_Saved entries_.
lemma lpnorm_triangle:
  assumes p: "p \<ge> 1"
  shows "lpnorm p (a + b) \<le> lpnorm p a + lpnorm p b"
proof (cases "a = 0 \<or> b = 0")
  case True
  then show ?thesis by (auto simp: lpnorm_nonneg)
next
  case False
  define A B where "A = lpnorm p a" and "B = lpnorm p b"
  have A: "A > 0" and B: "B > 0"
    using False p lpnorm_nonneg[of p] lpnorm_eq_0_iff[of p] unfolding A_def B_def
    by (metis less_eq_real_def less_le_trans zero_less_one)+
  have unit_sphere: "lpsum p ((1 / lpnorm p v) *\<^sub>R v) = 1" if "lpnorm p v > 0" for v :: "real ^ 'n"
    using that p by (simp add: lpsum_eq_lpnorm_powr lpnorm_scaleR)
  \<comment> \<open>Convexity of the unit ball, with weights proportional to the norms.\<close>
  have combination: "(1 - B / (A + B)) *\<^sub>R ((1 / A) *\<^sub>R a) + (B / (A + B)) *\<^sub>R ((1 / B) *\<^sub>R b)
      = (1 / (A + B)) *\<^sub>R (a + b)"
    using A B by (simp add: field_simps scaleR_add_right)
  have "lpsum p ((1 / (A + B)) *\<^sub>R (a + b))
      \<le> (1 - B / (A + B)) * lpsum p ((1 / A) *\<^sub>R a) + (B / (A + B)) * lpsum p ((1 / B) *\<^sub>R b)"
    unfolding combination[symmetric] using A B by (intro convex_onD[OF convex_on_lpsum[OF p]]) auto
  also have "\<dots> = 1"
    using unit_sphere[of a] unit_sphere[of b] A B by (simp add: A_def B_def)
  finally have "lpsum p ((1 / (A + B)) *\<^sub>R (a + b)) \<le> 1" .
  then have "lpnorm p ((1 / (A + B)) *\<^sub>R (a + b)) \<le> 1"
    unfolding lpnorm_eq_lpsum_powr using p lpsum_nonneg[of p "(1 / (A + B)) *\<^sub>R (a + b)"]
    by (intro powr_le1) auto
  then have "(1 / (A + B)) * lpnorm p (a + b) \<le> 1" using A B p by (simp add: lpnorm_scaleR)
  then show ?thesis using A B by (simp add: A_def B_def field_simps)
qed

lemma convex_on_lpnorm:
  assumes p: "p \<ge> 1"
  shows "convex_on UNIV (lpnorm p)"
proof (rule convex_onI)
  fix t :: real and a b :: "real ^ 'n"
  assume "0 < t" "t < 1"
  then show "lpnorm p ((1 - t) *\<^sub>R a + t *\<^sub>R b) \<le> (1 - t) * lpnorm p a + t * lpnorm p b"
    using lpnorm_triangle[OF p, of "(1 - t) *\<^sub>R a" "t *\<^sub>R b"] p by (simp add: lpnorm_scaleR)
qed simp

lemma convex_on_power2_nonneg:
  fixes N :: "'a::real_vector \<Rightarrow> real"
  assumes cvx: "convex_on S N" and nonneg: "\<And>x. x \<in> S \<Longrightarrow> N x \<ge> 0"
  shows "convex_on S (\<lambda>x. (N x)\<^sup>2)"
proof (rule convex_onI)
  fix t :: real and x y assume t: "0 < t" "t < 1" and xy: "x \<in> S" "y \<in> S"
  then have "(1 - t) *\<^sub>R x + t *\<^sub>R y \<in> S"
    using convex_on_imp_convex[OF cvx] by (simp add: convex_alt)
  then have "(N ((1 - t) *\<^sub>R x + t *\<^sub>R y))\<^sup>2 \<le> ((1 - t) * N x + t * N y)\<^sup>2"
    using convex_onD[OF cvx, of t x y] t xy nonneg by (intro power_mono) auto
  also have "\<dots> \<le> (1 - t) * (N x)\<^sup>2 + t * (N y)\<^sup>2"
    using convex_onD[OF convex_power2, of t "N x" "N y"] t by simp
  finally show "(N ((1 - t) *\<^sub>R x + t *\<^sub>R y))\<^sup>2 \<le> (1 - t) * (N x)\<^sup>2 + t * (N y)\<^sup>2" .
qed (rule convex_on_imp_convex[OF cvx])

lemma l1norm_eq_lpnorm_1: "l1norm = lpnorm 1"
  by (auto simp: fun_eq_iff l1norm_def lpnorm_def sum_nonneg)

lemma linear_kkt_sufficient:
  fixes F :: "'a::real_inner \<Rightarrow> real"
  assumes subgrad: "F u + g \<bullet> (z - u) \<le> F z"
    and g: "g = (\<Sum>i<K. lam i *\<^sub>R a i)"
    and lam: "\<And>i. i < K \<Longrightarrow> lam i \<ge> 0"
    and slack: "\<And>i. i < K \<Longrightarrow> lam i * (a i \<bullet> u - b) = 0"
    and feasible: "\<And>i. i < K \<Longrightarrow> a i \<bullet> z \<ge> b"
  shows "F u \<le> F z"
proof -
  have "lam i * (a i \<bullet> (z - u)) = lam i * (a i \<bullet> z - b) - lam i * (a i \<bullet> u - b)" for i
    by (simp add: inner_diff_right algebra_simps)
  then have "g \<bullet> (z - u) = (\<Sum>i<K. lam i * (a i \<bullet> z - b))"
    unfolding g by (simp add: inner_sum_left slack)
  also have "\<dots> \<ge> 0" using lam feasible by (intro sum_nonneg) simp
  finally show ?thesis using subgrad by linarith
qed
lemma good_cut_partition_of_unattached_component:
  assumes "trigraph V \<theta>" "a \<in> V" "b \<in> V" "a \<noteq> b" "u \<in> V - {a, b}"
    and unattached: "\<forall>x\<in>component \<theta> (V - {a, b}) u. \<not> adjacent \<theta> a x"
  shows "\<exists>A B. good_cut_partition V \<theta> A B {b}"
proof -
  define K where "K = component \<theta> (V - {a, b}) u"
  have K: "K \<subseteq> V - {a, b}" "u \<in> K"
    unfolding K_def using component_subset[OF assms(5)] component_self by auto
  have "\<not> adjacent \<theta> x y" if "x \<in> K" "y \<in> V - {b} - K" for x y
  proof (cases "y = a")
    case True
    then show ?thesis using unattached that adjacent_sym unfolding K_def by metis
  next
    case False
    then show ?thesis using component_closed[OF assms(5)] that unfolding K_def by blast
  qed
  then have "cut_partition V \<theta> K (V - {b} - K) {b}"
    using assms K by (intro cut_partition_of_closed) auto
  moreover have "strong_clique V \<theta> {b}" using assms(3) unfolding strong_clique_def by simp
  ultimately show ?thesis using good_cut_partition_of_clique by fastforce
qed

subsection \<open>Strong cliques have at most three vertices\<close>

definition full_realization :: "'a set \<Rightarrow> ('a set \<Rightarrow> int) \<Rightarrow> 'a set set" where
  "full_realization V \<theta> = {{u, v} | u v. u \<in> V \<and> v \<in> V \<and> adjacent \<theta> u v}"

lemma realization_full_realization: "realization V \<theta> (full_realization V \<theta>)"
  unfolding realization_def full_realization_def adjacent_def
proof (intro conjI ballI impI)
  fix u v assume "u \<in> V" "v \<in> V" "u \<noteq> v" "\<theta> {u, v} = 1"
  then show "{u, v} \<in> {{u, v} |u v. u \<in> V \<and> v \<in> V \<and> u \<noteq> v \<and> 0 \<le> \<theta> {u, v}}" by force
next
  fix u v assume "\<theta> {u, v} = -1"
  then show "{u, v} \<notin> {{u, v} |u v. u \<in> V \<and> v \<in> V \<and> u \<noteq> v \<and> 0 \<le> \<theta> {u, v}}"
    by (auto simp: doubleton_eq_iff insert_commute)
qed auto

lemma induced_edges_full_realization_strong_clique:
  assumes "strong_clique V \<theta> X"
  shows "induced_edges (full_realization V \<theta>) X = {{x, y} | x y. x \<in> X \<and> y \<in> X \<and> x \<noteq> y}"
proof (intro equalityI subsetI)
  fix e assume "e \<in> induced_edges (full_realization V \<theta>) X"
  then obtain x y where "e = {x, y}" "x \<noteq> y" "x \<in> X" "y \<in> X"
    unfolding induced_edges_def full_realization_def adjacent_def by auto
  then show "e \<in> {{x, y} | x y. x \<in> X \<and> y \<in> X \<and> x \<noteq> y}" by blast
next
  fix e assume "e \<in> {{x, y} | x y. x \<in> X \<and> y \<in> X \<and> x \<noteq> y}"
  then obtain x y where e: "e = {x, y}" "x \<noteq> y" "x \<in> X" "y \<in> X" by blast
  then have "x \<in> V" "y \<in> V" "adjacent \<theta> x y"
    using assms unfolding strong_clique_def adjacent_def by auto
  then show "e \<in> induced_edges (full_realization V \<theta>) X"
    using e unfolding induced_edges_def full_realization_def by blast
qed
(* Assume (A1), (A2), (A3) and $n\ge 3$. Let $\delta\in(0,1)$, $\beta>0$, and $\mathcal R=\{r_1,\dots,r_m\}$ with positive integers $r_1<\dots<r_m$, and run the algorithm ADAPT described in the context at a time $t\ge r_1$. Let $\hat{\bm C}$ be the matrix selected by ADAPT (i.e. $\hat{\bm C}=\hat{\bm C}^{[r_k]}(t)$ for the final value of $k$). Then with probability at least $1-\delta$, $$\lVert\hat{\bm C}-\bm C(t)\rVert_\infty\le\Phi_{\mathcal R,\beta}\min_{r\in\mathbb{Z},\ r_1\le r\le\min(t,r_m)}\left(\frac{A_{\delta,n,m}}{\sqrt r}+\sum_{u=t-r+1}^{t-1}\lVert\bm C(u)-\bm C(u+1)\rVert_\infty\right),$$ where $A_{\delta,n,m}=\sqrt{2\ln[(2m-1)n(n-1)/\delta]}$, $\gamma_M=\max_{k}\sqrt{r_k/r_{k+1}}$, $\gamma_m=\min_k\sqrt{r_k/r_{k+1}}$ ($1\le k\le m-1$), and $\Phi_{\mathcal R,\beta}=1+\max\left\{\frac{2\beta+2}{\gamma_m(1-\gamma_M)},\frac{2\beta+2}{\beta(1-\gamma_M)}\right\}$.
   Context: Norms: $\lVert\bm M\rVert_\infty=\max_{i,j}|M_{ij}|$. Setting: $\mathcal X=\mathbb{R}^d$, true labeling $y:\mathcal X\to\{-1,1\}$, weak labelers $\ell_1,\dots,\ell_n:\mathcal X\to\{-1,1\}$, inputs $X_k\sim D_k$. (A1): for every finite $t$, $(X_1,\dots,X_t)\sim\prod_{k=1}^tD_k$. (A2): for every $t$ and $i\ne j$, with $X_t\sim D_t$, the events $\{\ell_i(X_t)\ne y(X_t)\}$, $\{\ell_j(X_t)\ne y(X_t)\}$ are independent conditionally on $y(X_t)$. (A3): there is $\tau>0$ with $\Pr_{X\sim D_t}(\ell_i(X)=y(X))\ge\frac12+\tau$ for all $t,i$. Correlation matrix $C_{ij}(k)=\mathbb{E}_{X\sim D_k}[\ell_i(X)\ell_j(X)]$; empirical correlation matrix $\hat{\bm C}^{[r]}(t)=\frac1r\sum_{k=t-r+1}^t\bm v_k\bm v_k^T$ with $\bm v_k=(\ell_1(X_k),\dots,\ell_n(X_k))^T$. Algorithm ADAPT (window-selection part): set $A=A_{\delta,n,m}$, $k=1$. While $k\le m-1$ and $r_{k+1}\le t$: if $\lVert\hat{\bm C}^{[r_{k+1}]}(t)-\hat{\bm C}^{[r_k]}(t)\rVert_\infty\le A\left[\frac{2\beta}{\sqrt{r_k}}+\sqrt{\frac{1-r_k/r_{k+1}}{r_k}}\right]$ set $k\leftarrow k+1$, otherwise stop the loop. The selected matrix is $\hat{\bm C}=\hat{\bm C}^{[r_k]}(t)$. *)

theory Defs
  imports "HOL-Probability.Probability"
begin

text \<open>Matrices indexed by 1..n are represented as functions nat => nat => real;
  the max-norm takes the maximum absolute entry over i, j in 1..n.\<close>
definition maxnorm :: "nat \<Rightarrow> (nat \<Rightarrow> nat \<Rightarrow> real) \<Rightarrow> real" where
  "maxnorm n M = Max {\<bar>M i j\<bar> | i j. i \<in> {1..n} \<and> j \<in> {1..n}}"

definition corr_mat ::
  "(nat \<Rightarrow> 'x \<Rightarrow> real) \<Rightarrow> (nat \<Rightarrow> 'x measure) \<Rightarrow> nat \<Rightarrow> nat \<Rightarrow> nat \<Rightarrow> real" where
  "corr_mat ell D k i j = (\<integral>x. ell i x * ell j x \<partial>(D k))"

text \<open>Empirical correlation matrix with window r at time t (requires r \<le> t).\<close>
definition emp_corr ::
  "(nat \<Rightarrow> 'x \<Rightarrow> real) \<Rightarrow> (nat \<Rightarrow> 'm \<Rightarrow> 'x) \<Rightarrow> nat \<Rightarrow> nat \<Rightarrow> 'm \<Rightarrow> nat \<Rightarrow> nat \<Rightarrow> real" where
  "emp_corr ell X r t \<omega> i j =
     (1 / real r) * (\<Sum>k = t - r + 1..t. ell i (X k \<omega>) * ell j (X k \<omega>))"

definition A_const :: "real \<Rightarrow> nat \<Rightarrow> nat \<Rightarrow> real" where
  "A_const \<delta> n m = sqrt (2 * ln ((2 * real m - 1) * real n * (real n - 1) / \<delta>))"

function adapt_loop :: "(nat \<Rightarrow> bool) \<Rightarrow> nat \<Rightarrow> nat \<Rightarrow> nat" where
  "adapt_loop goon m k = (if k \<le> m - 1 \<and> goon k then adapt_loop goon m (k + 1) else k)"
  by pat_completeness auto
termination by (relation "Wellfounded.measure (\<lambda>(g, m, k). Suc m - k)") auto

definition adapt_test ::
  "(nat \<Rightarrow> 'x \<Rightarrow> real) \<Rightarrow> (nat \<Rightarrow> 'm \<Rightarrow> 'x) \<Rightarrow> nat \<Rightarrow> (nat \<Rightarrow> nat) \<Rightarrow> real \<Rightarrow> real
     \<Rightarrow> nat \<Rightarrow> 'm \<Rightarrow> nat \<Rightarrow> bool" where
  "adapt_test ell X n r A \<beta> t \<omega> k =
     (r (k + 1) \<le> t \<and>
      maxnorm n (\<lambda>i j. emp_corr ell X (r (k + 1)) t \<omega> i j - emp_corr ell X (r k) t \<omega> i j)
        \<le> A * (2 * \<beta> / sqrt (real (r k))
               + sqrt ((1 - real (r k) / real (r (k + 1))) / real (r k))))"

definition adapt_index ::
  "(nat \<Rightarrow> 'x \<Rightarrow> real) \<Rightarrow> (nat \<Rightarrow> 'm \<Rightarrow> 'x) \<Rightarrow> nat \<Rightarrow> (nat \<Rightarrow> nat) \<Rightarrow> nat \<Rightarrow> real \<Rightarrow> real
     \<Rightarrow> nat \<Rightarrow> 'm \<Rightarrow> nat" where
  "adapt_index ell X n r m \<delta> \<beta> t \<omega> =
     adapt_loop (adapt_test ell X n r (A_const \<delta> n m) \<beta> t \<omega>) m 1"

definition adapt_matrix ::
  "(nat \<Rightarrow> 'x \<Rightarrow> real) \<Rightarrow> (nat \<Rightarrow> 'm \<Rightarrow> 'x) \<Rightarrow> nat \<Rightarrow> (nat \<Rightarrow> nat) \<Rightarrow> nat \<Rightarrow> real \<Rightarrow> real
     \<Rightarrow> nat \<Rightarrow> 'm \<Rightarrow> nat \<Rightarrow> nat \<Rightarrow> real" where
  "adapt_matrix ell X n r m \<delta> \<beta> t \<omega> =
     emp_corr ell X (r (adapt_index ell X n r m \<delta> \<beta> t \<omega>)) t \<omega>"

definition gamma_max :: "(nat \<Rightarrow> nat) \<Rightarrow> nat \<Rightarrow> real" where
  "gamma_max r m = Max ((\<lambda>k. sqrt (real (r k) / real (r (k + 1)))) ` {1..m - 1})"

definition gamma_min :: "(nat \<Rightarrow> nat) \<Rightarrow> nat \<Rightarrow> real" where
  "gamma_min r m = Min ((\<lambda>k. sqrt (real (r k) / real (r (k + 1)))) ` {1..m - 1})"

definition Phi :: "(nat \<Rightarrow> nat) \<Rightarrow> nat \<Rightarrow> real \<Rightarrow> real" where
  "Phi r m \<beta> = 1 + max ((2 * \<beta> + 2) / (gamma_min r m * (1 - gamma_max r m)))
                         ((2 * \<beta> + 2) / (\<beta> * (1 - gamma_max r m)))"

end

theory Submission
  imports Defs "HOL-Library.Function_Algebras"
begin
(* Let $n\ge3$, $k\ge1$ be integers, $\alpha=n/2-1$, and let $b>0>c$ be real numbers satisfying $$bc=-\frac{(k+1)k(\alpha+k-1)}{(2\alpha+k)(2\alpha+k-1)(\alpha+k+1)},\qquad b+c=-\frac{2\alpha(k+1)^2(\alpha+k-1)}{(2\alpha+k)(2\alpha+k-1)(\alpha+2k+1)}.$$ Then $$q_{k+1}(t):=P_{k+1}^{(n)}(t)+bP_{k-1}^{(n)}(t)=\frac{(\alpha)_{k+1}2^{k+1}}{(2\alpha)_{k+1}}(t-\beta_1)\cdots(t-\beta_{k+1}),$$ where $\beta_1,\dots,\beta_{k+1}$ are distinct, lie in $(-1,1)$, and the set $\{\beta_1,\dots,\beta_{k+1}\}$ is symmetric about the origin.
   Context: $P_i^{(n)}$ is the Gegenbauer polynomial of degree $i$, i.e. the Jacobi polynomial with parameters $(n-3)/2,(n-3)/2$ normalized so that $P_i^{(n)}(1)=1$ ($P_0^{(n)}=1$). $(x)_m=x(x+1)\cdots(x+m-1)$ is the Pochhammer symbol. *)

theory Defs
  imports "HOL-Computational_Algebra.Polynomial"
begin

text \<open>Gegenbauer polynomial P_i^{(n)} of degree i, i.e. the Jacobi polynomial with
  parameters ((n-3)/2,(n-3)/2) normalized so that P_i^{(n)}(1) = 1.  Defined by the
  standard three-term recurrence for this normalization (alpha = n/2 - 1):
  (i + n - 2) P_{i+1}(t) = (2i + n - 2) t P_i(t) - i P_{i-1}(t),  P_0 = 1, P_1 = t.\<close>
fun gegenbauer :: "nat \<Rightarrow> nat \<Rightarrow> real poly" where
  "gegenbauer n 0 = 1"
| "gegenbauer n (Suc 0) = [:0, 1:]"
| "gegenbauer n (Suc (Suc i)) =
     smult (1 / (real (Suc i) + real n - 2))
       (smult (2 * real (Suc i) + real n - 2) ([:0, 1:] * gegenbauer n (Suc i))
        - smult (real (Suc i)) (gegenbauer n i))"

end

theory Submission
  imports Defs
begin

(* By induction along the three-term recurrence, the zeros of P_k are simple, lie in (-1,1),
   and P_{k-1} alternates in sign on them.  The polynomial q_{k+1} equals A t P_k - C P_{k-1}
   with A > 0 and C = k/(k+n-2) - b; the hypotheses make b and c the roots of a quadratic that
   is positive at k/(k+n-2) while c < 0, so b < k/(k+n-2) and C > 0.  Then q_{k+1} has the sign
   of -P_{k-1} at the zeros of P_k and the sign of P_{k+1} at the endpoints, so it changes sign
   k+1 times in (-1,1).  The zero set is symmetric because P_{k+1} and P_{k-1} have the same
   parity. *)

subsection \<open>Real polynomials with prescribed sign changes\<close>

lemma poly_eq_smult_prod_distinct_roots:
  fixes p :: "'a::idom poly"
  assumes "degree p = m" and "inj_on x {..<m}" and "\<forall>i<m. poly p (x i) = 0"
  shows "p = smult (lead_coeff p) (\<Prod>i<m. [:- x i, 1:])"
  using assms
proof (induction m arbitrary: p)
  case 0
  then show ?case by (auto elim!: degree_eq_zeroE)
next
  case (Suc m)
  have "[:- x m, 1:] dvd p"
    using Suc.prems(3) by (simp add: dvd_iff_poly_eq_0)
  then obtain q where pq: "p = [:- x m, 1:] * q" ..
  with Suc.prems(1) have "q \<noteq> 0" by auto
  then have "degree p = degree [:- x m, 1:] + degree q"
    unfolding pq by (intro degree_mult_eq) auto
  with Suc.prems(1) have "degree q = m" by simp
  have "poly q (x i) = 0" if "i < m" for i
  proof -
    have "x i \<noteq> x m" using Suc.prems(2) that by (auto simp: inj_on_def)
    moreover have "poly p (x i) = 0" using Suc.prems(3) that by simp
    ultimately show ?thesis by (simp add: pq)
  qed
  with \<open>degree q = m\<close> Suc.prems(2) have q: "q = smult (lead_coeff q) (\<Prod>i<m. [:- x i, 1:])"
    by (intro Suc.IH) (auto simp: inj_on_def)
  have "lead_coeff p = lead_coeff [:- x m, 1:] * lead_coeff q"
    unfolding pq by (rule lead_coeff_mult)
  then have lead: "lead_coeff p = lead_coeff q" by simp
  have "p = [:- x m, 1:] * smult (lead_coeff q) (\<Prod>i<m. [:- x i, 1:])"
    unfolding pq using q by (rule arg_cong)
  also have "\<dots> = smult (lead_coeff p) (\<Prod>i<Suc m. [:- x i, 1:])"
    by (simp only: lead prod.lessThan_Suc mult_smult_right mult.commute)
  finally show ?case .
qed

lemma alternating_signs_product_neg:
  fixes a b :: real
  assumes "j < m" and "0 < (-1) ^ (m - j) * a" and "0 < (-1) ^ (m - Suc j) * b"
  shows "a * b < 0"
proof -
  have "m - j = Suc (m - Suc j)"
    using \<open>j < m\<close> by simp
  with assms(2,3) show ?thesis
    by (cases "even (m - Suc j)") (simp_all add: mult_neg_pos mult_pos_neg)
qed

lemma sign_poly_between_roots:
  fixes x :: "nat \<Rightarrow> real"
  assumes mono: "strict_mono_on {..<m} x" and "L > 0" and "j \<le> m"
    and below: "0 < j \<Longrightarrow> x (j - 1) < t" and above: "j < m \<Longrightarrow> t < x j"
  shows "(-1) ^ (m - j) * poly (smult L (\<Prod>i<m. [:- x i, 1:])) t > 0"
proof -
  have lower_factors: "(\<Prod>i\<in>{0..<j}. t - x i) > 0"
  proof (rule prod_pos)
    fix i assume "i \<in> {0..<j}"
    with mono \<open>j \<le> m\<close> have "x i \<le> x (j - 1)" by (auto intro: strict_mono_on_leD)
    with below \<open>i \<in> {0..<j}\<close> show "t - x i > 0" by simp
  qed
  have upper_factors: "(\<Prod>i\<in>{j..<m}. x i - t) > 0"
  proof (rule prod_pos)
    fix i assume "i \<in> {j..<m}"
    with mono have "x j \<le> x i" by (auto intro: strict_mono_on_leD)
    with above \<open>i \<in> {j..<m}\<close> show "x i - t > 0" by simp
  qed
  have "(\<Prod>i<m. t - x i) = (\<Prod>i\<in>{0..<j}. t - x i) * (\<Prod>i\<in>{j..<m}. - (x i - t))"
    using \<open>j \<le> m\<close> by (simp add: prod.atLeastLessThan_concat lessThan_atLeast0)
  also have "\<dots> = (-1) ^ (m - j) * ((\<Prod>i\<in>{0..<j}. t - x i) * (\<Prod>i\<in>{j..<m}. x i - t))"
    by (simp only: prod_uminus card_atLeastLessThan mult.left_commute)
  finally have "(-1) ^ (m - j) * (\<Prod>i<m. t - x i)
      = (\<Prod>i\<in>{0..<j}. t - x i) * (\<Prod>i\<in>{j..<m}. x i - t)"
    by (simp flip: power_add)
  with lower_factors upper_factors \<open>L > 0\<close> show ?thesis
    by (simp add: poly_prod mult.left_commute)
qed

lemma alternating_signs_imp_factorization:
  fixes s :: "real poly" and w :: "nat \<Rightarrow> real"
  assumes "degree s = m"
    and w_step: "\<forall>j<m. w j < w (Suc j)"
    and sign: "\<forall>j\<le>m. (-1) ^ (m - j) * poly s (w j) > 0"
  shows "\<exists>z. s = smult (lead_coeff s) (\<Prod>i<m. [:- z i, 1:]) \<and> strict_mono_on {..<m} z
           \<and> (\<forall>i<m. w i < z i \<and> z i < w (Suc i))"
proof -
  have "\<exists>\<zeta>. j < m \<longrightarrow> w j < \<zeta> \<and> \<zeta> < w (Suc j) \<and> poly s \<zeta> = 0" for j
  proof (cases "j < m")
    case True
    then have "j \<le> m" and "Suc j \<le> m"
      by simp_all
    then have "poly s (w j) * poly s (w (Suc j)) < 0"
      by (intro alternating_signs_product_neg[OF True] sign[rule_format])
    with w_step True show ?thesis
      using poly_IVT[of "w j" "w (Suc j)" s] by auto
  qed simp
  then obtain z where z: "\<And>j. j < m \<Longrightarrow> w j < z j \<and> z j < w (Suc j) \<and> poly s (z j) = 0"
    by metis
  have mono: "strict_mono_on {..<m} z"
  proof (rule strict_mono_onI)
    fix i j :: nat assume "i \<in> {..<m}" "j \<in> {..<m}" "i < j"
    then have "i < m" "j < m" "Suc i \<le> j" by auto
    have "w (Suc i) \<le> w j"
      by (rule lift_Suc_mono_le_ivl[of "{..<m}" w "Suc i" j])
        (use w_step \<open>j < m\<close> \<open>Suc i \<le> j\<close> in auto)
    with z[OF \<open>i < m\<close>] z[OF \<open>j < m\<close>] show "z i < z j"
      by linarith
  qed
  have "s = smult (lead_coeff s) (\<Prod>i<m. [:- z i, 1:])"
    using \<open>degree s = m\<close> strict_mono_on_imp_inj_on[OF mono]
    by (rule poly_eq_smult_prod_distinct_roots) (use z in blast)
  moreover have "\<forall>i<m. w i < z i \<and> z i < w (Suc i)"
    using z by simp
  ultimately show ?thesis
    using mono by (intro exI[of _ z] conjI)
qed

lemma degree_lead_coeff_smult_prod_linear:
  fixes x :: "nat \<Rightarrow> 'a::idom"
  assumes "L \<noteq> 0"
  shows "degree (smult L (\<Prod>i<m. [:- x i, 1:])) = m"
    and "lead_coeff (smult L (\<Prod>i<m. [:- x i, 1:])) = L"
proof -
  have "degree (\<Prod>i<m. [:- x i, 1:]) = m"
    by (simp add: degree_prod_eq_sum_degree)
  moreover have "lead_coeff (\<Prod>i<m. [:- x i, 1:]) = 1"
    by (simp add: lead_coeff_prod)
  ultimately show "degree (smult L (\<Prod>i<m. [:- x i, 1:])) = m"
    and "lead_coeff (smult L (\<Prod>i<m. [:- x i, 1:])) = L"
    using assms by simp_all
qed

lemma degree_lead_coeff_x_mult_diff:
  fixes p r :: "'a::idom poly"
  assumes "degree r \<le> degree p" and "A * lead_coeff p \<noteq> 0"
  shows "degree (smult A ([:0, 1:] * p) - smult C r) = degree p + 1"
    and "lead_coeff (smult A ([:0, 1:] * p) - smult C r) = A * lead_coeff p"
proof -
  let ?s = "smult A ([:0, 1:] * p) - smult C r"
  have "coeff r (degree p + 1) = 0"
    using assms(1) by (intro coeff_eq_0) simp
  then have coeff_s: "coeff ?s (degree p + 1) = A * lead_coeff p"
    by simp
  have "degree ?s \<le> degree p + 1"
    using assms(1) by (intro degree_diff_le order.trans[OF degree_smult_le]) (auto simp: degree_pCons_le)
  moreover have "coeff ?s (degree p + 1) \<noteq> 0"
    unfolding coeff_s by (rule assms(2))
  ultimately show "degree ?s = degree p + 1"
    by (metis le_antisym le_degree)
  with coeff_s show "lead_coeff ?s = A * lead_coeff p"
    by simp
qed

_PROBLEM DETAILS_.
All lines that contain the word "maxnorm" must be copied from the records above.

_ANSWER SECTION_.
definition maxnorm :: "nat \<Rightarrow> (nat \<Rightarrow> nat \<Rightarrow> real) \<Rightarrow> real" where
  "maxnorm n M = Max {\<bar>M i j\<bar> | i j. i \<in> {1..n} \<and> j \<in> {1..n}}"
      maxnorm n (\<lambda>i j. emp_corr ell X (r (k + 1)) t \<omega> i j - emp_corr ell X (r k) t \<omega> i j)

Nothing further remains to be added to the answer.